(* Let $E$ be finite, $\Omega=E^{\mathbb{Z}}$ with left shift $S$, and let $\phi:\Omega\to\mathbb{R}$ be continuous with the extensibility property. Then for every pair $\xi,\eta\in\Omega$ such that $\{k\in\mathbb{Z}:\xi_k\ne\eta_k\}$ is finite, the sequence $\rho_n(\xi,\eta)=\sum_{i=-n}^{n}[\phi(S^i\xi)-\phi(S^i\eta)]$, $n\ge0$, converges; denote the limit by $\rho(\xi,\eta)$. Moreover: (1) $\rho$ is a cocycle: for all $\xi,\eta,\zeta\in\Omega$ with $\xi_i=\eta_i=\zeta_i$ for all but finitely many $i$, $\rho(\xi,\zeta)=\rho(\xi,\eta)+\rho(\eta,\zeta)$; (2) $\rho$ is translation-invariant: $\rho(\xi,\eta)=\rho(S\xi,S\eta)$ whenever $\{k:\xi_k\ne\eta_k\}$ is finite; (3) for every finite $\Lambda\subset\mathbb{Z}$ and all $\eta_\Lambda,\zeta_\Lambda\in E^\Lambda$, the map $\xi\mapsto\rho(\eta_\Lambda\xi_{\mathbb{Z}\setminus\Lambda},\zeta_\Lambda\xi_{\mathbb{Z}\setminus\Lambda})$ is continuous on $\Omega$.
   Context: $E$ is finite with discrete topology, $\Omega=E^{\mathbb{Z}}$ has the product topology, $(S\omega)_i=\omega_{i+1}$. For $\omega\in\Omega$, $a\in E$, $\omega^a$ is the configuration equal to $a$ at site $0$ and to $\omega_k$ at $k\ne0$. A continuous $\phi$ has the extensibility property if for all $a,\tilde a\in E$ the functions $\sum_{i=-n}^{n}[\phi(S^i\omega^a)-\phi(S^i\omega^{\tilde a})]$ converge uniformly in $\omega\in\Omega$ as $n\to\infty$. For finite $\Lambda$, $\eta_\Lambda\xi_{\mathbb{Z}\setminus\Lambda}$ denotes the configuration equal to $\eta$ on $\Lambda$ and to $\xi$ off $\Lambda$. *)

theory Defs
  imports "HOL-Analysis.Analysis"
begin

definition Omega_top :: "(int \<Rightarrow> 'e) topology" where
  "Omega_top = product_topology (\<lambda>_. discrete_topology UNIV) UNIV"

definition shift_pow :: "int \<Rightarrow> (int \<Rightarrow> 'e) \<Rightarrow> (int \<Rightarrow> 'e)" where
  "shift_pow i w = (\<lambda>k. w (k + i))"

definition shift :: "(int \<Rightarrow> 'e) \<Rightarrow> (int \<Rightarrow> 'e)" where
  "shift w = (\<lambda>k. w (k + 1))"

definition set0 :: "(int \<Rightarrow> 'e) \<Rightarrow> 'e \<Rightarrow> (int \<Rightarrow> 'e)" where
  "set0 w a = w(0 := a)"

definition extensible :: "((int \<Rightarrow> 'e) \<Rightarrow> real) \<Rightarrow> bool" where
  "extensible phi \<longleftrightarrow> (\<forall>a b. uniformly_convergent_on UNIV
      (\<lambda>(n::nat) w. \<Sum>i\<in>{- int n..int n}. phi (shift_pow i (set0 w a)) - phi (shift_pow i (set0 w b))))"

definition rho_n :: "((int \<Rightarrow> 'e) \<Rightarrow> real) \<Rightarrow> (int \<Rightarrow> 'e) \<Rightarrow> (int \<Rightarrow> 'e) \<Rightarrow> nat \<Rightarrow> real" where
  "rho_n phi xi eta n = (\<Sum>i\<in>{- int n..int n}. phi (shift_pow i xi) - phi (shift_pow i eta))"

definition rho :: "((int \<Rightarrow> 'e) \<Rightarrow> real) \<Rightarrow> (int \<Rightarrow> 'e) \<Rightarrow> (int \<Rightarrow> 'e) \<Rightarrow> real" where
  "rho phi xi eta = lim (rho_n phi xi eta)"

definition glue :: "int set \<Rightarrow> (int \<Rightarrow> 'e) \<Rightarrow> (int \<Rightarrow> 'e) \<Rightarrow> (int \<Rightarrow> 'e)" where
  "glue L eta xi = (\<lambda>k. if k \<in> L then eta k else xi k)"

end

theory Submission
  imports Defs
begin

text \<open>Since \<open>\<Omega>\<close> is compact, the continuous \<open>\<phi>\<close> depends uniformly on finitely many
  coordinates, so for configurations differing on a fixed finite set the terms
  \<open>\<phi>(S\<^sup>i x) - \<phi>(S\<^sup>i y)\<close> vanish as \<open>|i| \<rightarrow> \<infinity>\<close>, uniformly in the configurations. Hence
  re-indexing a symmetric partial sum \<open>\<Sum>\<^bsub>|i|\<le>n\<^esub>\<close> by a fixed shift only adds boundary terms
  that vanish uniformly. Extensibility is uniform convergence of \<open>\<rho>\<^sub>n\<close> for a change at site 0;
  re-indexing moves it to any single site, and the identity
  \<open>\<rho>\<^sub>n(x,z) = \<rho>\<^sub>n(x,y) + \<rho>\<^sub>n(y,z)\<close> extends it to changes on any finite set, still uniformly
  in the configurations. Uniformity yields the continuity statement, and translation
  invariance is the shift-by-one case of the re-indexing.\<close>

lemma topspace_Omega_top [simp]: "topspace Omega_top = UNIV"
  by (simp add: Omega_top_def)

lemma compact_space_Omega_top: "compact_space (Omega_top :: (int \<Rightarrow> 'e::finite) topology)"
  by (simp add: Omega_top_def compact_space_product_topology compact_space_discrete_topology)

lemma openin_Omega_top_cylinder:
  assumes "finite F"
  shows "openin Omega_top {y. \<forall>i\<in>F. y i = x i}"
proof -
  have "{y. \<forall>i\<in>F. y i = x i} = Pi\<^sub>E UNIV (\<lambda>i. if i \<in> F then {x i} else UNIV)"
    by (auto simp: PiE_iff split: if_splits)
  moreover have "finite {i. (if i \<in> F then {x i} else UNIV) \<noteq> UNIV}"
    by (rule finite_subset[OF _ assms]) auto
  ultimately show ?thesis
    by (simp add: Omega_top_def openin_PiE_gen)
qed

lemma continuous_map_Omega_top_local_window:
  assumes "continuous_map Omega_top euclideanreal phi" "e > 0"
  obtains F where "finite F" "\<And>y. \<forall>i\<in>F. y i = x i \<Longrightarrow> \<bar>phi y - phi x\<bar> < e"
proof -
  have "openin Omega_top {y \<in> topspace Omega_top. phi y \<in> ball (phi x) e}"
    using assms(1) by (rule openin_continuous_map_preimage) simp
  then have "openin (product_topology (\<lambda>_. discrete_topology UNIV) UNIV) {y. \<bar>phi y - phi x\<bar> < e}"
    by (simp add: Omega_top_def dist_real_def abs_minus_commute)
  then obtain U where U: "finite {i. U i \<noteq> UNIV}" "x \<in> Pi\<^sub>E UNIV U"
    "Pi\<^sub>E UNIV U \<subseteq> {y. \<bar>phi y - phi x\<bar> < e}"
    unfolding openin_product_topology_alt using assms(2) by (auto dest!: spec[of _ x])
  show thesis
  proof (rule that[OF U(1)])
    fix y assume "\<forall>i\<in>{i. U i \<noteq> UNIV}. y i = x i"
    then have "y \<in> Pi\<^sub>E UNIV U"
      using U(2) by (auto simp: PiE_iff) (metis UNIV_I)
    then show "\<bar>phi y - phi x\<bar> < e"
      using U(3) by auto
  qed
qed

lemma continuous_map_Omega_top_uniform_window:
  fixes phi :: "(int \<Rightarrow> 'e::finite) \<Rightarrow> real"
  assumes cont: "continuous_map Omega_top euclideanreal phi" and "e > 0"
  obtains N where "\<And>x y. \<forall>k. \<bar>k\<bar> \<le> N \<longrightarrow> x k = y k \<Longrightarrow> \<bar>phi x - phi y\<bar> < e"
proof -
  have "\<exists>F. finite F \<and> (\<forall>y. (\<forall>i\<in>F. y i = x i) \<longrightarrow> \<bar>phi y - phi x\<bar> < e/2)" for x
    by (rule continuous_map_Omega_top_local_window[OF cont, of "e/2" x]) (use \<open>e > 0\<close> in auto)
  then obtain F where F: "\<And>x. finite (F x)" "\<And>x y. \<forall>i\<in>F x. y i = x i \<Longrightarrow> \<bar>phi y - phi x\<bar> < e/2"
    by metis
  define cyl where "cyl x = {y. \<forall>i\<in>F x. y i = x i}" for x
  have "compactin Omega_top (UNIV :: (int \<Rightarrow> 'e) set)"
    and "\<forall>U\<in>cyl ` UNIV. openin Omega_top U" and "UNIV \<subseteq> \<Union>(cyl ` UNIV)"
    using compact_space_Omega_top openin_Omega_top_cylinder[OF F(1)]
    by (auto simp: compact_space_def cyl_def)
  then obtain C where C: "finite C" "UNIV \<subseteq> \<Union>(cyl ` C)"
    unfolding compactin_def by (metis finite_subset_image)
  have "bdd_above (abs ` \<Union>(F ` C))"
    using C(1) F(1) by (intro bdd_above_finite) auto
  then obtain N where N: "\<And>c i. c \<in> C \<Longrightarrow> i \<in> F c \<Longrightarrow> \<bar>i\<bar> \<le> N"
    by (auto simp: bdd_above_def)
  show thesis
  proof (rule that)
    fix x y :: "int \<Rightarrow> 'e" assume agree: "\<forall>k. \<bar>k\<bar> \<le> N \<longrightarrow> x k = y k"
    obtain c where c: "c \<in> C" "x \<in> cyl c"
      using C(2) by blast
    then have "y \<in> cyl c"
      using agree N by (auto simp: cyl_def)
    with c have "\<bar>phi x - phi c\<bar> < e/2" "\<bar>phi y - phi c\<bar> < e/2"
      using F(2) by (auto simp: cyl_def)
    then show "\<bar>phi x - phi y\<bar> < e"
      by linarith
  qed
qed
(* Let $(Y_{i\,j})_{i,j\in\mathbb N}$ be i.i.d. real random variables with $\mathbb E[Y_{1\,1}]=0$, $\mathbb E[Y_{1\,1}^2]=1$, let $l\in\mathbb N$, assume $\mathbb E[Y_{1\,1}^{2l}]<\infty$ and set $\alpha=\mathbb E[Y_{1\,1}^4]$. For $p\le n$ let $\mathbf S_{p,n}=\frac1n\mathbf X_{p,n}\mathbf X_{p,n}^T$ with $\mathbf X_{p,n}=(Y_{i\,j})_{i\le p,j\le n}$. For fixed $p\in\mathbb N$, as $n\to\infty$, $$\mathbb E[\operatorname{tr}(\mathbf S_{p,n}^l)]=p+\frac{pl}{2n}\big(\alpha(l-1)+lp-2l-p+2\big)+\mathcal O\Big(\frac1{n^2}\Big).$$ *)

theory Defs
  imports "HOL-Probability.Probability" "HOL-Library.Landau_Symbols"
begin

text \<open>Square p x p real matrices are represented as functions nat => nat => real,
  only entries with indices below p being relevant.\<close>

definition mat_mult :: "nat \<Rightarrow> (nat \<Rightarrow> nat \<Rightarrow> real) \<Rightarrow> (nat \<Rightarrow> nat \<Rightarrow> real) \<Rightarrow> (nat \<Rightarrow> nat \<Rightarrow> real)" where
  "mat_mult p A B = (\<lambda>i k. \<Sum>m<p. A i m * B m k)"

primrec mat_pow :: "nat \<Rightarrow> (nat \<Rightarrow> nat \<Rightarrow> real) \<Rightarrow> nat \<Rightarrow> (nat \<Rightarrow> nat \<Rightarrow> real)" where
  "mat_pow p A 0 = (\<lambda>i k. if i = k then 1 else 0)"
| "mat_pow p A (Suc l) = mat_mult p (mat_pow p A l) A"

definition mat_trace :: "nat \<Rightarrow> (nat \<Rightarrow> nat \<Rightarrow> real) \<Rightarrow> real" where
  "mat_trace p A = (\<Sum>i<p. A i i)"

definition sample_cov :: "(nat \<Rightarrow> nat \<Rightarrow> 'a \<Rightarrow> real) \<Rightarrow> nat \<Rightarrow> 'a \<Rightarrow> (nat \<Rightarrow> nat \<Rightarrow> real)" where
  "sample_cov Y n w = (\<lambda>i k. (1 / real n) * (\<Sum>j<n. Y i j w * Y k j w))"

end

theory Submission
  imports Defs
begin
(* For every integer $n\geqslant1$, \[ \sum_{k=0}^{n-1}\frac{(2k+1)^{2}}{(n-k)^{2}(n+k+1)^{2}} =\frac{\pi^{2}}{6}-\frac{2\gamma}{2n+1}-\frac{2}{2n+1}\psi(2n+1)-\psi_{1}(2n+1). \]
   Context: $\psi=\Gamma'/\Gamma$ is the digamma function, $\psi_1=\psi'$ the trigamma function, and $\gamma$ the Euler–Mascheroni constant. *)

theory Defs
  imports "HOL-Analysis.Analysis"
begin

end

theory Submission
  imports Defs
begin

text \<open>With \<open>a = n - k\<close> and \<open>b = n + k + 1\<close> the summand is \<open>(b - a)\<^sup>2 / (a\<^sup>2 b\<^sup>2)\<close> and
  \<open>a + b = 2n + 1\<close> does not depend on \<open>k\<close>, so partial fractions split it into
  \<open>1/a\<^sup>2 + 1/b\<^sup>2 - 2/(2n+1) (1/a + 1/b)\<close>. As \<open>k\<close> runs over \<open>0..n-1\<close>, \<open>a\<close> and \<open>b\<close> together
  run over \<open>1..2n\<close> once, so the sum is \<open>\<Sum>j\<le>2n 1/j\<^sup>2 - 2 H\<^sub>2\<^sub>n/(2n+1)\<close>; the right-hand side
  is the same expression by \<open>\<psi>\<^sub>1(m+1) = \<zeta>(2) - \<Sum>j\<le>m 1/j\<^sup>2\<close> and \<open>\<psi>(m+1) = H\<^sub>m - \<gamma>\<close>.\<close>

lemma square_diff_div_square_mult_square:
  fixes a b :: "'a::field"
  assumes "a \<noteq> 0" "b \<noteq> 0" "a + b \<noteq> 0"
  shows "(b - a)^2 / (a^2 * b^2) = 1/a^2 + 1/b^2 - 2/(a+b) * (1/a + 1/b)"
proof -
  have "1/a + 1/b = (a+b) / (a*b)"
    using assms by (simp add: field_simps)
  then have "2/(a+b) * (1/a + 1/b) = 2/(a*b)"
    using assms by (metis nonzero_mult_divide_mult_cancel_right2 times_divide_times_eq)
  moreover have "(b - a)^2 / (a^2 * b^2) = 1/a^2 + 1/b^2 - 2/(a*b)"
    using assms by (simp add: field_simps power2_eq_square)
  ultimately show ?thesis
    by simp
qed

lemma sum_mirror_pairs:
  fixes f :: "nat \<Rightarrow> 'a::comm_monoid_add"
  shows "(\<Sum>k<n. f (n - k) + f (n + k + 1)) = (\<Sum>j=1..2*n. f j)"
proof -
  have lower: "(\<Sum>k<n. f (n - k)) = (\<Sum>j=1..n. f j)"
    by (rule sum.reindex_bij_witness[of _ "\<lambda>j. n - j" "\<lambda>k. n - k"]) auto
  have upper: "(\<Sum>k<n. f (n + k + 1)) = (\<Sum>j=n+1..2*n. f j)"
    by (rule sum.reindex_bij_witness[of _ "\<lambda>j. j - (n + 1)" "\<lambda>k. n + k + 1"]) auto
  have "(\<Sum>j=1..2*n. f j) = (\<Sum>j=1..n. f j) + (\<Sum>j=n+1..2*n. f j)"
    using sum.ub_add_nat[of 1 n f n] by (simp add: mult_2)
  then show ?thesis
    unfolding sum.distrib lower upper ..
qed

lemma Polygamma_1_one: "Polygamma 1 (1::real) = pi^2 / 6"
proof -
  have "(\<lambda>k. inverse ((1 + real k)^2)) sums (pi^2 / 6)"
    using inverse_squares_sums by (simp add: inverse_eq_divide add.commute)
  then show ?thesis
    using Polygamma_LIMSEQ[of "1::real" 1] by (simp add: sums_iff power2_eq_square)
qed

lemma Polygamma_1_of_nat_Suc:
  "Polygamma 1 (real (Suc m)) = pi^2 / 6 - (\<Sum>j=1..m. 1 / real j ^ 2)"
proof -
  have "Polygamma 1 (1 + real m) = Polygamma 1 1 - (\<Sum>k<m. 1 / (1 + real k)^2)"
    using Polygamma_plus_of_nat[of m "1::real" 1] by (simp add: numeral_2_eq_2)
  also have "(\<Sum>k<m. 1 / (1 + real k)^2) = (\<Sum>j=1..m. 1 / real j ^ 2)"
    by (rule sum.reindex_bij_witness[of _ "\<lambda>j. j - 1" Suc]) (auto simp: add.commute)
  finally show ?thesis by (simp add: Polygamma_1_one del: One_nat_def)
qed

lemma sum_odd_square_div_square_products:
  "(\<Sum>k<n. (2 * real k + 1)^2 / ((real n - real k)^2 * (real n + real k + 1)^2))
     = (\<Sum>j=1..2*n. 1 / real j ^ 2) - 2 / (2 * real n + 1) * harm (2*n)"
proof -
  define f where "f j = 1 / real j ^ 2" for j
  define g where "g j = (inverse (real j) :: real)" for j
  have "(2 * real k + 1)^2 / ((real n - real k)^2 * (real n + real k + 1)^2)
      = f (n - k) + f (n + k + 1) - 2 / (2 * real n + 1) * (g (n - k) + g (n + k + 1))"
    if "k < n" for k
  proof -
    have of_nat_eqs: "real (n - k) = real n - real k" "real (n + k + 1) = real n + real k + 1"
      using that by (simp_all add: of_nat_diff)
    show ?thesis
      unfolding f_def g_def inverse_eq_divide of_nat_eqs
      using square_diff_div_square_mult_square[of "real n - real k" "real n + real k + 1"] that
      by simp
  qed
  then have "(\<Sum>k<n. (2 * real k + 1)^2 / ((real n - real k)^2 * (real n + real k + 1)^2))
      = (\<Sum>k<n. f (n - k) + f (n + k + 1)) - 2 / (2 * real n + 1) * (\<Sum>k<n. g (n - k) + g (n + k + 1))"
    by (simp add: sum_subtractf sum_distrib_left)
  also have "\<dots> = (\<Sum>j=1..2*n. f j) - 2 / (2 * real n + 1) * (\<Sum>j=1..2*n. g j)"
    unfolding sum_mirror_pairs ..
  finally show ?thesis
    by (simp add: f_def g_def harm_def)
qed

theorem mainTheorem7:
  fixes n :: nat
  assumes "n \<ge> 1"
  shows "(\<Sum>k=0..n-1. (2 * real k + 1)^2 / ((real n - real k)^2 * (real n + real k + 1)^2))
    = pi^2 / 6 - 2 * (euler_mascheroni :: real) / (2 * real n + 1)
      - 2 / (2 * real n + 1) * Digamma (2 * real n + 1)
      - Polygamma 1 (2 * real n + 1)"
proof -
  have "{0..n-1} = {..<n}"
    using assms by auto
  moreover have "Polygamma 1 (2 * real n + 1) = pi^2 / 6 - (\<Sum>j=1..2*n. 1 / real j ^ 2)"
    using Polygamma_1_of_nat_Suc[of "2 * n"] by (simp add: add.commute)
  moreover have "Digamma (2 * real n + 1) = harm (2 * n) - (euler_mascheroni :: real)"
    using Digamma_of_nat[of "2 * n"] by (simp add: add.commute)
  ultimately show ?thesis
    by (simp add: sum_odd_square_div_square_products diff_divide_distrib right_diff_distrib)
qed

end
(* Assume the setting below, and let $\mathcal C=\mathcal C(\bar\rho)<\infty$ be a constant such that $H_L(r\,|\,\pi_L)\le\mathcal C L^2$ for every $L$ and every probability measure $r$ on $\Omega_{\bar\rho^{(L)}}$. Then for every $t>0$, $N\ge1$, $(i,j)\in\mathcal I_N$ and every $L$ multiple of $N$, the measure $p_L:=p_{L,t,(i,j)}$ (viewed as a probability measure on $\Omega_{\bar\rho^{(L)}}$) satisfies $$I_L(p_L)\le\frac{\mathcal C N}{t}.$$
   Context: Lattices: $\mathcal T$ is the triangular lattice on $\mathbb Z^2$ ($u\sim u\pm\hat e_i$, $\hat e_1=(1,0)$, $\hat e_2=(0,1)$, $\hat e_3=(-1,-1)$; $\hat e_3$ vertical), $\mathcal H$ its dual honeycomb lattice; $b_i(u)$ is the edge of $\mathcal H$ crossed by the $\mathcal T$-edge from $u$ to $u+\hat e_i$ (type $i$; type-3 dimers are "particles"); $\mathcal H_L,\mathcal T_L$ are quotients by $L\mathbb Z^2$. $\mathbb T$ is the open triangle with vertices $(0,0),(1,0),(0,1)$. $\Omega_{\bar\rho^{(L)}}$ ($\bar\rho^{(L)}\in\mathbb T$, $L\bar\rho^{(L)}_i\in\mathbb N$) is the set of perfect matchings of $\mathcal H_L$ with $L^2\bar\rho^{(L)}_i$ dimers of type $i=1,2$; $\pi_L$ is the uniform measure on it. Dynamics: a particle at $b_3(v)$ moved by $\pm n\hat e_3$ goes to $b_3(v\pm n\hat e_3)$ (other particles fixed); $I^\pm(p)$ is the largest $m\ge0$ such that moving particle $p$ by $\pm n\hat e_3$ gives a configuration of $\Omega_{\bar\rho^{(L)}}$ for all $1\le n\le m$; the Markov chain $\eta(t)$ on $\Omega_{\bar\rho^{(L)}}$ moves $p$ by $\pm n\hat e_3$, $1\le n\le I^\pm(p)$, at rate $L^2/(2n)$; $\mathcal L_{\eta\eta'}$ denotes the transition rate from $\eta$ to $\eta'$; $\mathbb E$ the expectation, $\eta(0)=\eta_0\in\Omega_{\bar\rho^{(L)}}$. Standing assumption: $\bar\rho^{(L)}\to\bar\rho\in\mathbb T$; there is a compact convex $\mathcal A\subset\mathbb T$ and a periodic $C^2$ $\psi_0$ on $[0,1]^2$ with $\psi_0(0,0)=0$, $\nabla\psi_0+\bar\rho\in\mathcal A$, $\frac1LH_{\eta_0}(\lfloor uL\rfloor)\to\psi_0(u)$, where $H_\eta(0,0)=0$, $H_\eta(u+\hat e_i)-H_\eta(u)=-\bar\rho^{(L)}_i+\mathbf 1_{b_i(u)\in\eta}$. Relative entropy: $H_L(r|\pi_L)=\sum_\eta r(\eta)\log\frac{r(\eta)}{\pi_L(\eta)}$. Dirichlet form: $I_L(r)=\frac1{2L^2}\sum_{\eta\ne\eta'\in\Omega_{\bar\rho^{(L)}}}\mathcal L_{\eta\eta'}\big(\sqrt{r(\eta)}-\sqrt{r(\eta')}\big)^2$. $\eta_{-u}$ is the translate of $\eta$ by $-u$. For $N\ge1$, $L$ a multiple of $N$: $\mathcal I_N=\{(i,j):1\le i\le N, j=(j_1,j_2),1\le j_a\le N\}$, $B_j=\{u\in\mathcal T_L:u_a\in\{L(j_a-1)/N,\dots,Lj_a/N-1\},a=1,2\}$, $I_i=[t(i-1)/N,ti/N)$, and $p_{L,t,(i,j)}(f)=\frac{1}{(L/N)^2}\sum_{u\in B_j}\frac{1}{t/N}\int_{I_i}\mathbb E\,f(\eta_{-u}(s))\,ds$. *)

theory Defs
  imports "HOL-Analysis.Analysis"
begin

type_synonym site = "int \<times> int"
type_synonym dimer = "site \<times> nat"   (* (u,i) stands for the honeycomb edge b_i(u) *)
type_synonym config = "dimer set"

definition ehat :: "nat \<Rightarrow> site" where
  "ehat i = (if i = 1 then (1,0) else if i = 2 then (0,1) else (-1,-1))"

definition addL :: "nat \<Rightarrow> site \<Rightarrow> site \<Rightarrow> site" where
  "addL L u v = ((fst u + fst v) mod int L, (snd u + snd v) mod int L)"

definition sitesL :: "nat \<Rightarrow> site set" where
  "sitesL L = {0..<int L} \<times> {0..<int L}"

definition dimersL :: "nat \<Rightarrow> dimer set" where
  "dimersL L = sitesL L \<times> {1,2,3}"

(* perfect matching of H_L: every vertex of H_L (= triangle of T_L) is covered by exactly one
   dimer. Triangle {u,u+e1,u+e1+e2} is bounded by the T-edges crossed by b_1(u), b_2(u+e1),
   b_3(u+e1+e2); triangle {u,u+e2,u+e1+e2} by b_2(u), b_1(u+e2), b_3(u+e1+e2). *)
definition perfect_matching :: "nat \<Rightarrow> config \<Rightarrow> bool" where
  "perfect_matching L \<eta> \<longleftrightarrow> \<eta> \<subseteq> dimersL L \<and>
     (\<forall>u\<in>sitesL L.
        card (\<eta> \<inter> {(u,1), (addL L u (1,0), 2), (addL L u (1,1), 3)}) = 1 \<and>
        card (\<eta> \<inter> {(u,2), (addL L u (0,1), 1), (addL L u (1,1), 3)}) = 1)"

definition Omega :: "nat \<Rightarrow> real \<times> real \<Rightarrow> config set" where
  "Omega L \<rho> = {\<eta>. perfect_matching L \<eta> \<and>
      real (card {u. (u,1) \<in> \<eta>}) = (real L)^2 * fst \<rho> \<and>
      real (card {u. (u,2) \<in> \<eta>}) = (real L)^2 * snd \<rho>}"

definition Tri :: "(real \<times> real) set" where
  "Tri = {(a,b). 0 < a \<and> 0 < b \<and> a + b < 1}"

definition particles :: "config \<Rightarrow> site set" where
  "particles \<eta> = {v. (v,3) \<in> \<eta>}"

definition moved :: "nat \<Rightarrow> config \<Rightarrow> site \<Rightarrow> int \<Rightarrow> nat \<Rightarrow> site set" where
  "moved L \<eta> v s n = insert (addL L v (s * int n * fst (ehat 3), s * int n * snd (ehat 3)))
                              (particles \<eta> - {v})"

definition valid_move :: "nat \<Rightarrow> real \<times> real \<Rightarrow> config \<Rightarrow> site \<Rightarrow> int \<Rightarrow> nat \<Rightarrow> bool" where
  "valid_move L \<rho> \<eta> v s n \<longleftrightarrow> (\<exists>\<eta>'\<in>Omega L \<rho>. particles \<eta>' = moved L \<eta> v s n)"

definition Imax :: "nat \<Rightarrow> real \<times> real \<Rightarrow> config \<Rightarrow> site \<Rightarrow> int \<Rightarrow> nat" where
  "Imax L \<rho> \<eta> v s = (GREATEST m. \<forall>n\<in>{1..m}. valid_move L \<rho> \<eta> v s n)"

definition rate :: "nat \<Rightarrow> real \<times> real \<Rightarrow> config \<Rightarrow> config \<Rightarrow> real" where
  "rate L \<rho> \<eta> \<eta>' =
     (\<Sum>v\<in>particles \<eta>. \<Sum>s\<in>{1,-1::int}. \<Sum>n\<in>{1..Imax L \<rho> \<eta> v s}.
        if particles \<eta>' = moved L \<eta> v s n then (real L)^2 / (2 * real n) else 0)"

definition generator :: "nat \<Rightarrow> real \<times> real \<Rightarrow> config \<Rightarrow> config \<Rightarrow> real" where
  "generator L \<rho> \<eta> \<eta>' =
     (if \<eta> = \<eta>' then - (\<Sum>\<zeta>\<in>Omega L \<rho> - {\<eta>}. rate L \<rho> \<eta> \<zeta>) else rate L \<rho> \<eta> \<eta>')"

_Exercise description_
Scan the material above for the string "indexing" and return the lines that hold it.

_Response below_
  re-indexing a symmetric partial sum \<open>\<Sum>\<^bsub>|i|\<le>n\<^esub>\<close> by a fixed shift only adds boundary terms
  re-indexing moves it to any single site, and the identity
  invariance is the shift-by-one case of the re-indexing.\<close>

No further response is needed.